1つ目の文献では調査の対象者がほとんど介護職従事者(経験者)であり、死に触れる経験が多い看護職の方はどう変わるのかに興味を持ち、この論文を使わせていただきました。中田(2020)では患者の死に対する看護師の感情が看取り経験を重ねることでどのように変化するのかを調査しています。ここでは看護師数人に聞き取り調査を行っています。語りから、新人時代は患者の死に対して悲しいという言葉は使われてはいないものの死そのものに衝撃を受けつつ、その精神的負担の大きさから死にゆく患者との関わりを避けがちになっているとされています。しかし、看護師は看取り経験を重ねていくことで患者の死に対して悲しいと思うようになっていき、これらの感情を抑制する機能として「穏やかな最期」という死生観を形成して患者との深いかかわりを持つことが可能になっていると中田(2020)は結論づけました。

そして議論してほしいところを「今までで燃え尽きが起こった経験はあるか。また、それをどうやって乗り越えたか。それによってどのような感情の変化があったかを話し合ってほしい。」としました。議論してほしいことは論文を読んだうえで他の人の意見を聞きたいところを挙げました。

▲画像:発表の様子

グループ討論の結果では大きな環境の変化で燃え尽きが起こることが多く、時間が解決するもしくは別のことに手をつけてみることで乗り越えたというので共通していました。

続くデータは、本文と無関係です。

definition quasi_compl_regular :: "('a \<Rightarrow> 'a \<Rightarrow> 'a) \<Rightarrow> ('a \<Rightarrow> 'a \<Rightarrow> 'a) \<Rightarrow> bool" where
  "quasi_compl_regular pl ml \<longleftrightarrow> (\<forall>a. \<exists>n\<ge>1. compl_regular UNIV pl ml (nsm pl n a))"

text \<open>Green's relations of the semigroup (A,+), via principal one-sided / two-sided ideals
  of A^1.\<close>
definition lideal :: "'a set \<Rightarrow> ('a \<Rightarrow> 'a \<Rightarrow> 'a) \<Rightarrow> 'a \<Rightarrow> 'a set" where
  "lideal A pl a = insert a ((\<lambda>s. pl s a) ` A)"

definition rideal :: "'a set \<Rightarrow> ('a \<Rightarrow> 'a \<Rightarrow> 'a) \<Rightarrow> 'a \<Rightarrow> 'a set" where
  "rideal A pl a = insert a ((\<lambda>s. pl a s) ` A)"

definition tideal :: "'a set \<Rightarrow> ('a \<Rightarrow> 'a \<Rightarrow> 'a) \<Rightarrow> 'a \<Rightarrow> 'a set" where
  "tideal A pl a = insert a ((\<lambda>s. pl s a) ` A \<union> (\<lambda>s. pl a s) ` A
                         \<union> {pl (pl s a) t | s t. s \<in> A \<and> t \<in> A})"

definition greenL :: "'a set \<Rightarrow> ('a \<Rightarrow> 'a \<Rightarrow> 'a) \<Rightarrow> 'a \<Rightarrow> 'a \<Rightarrow> bool" where
  "greenL A pl a b \<longleftrightarrow> lideal A pl a = lideal A pl b"

definition greenR :: "'a set \<Rightarrow> ('a \<Rightarrow> 'a \<Rightarrow> 'a) \<Rightarrow> 'a \<Rightarrow> 'a \<Rightarrow> bool" where
  "greenR A pl a b \<longleftrightarrow> rideal A pl a = rideal A pl b"

definition greenJ :: "'a set \<Rightarrow> ('a \<Rightarrow> 'a \<Rightarrow> 'a) \<Rightarrow> 'a \<Rightarrow> 'a \<Rightarrow> bool" where
  "greenJ A pl a b \<longleftrightarrow> tideal A pl a = tideal A pl b"

definition mreg :: "('a \<Rightarrow> 'a \<Rightarrow> 'a) \<Rightarrow> 'a \<Rightarrow> nat" where
  "mreg pl a = (LEAST n. n \<ge> 1 \<and> add_regular UNIV pl (nsm pl n a))"

definition Lstar :: "('a \<Rightarrow> 'a \<Rightarrow> 'a) \<Rightarrow> 'a \<Rightarrow> 'a \<Rightarrow> bool" where
  "Lstar pl a b \<longleftrightarrow> greenL UNIV pl (nsm pl (mreg pl a) a) (nsm pl (mreg pl b) b)"

definition Rstar :: "('a \<Rightarrow> 'a \<Rightarrow> 'a) \<Rightarrow> 'a \<Rightarrow> 'a \<Rightarrow> bool" where
  "Rstar pl a b \<longleftrightarrow> greenR UNIV pl (nsm pl (mreg pl a) a) (nsm pl (mreg pl b) b)"

definition Hstar :: "('a \<Rightarrow> 'a \<Rightarrow> 'a) \<Rightarrow> 'a \<Rightarrow> 'a \<Rightarrow> bool" where
  "Hstar pl a b \<longleftrightarrow> Lstar pl a b \<and> Rstar pl a b"

definition compl_simple ::
  "('a \<Rightarrow> 'a \<Rightarrow> 'a) \<Rightarrow> ('a \<Rightarrow> 'a \<Rightarrow> 'a) \<Rightarrow> 'a set \<Rightarrow> bool" where
  "compl_simple pl ml K \<longleftrightarrow> closed_sub pl ml K \<and>
     (\<forall>a\<in>K. compl_regular K pl ml a) \<and> (\<forall>a\<in>K. \<forall>b\<in>K. greenJ K pl a b)"

definition rect_skew_ring ::
  "('a \<Rightarrow> 'a \<Rightarrow> 'a) \<Rightarrow> ('a \<Rightarrow> 'a \<Rightarrow> 'a) \<Rightarrow> 'a set \<Rightarrow> bool" where
  "rect_skew_ring pl ml K \<longleftrightarrow> compl_simple pl ml K \<and>
     (\<forall>e\<in>addE pl K. \<forall>f\<in>addE pl K. pl e f \<in> addE pl K)"

definition nil_extension ::
  "('a \<Rightarrow> 'a \<Rightarrow> 'a) \<Rightarrow> ('a \<Rightarrow> 'a \<Rightarrow> 'a) \<Rightarrow> 'a set \<Rightarrow> 'a set \<Rightarrow> bool" where
  "nil_extension pl ml C K \<longleftrightarrow> closed_sub pl ml C \<and> K \<subseteq> C \<and> closed_sub pl ml K \<and>
     (\<forall>a\<in>K. \<forall>x\<in>C. pl a x \<in> K \<and> pl x a \<in> K \<and> ml a x \<in> K \<and> ml x a \<in> K) \<and>
     (\<forall>a\<in>C. \<exists>n\<ge>1. nsm pl n a \<in> K)"

definition congruence ::
  "('a \<Rightarrow> 'a \<Rightarrow> 'a) \<Rightarrow> ('a \<Rightarrow> 'a \<Rightarrow> 'a) \<Rightarrow> ('a \<Rightarrow> 'a \<Rightarrow> bool) \<Rightarrow> bool" where
  "congruence pl ml r \<longleftrightarrow> equivp r \<and>
     (\<forall>a b c d. r a b \<and> r c d \<longrightarrow> r (pl a c) (pl b d) \<and> r (ml a c) (ml b d))"

text \<open>The quotient S/r is a b-lattice: (S/r,\<cdot>) is a band and (S/r,+) a semilattice
  (associativity is inherited from S), written out on representatives.\<close>
definition quotient_b_lattice ::
  "('a \<Rightarrow> 'a \<Rightarrow> 'a) \<Rightarrow> ('a \<Rightarrow> 'a \<Rightarrow> 'a) \<Rightarrow> ('a \<Rightarrow> 'a \<Rightarrow> bool) \<Rightarrow> bool" where
  "quotient_b_lattice pl ml r \<longleftrightarrow>
     (\<forall>a. r (ml a a) a) \<and> (\<forall>a. r (pl a a) a) \<and> (\<forall>a b. r (pl a b) (pl b a))"

definition b_lattice_of_nil_ext_rsr :: "('a \<Rightarrow> 'a \<Rightarrow> 'a) \<Rightarrow> ('a \<Rightarrow> 'a \<Rightarrow> 'a) \<Rightarrow> bool" where
  "b_lattice_of_nil_ext_rsr pl ml \<longleftrightarrow>
     (\<exists>r. congruence pl ml r \<and> quotient_b_lattice pl ml r \<and>
        (\<forall>a. closed_sub pl ml {x. r a x} \<and>
             (\<exists>K. nil_extension pl ml {x. r a x} K \<and> rect_skew_ring pl ml K)))"

end

theory Submission
  imports Defs
begin

text \<open>
  Under quasi complete regularity every a has a multiple n a in a subgroup of (S,+); the
  identity a\<degree> of that subgroup does not depend on n, and a a\<degree> = a\<degree> a = a\<degree>,
  (a b)\<degree> = a\<degree> b\<degree>, (a + b)\<degree> = (a\<degree> + b\<degree>)\<degree>.  Hence the additive
  idempotents form a band under e \<circ> f = (e + f)\<degree>, and relating a and b when a\<degree> and
  b\<degree> are \<D>-related in this band is a congruence whose quotient is a b-lattice.  In each
  class the completely regular elements form a completely simple bi-ideal, and if sums of
  idempotents have an idempotent multiple then a sum of two of its idempotents lies in a
  subgroup and is idempotent, so it is its identity: (ii) \<Longrightarrow> (i).

  Conversely, (i) makes S quasi completely regular.  For a = a + x + a the idempotents a + x
  and x + a lie in the rectangular skew-ring of the class of a, so their sum is an idempotent
  with the same idempotent a\<degree> as a + x + a, i.e. it is a\<degree>, and a + 2x + 2a = a\<degree> + a = a;
  b\<twosuperior> H*+ b holds because (b\<twosuperior>)\<degree> = b\<degree>.  For (iii) \<Longrightarrow> (ii), the identity
  a + 2x + 2a = a puts every additively regular element b into a subgroup H, and
  b\<twosuperior> H*+ b forces b e = e for the identity e of H, so b is completely regular.  Finally
  for idempotents e, f the identity, applied inside the subgroup of p = (e + f)\<degree> to the
  idempotents p + e and f + p, gives p + (e + f) = p, so (e + f) has an idempotent multiple.
\<close>

definition idempotent_sums_periodic :: "('a \<Rightarrow> 'a \<Rightarrow> 'a) \<Rightarrow> bool" where
  "idempotent_sums_periodic pl \<longleftrightarrow>
     (\<forall>e\<in>addE pl UNIV. \<forall>f\<in>addE pl UNIV. \<exists>n\<ge>1. nsm pl n (pl e f) = nsm pl (n + 1) (pl e f))"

モチベーションは複数の感情によって成り立っており、他の感情によるカバーが効かない状態が燃え尽き状態なのではないかという風にも考えられます。

そして、こうした議論も参考にしながら、新たな先行文献を調べていき、期末レポートでは独自の調査仮説を立てることになります。

終わりに

前述のようにこの授業では自分でさらに深めたい点を設定し、文献を検討してレジュメを作ります。卒業論文では複数の文献を検討し深掘りしていくことになるのですが、その過程を発表担当は体験することが出来ます。

普段反転授業というと避けてしまいがちですがいずれ経験することになるので、興味を持った方は次年度で履修してみてください。

文献担当は二人ですが、同じ章を読んでいても違う場所に注目しているため、発表内容が全く違うものになります。また聞いている側もどこに注目するのかを様々な観点から聞けることから担当者にならなくても有意義な授業だと私は思っています。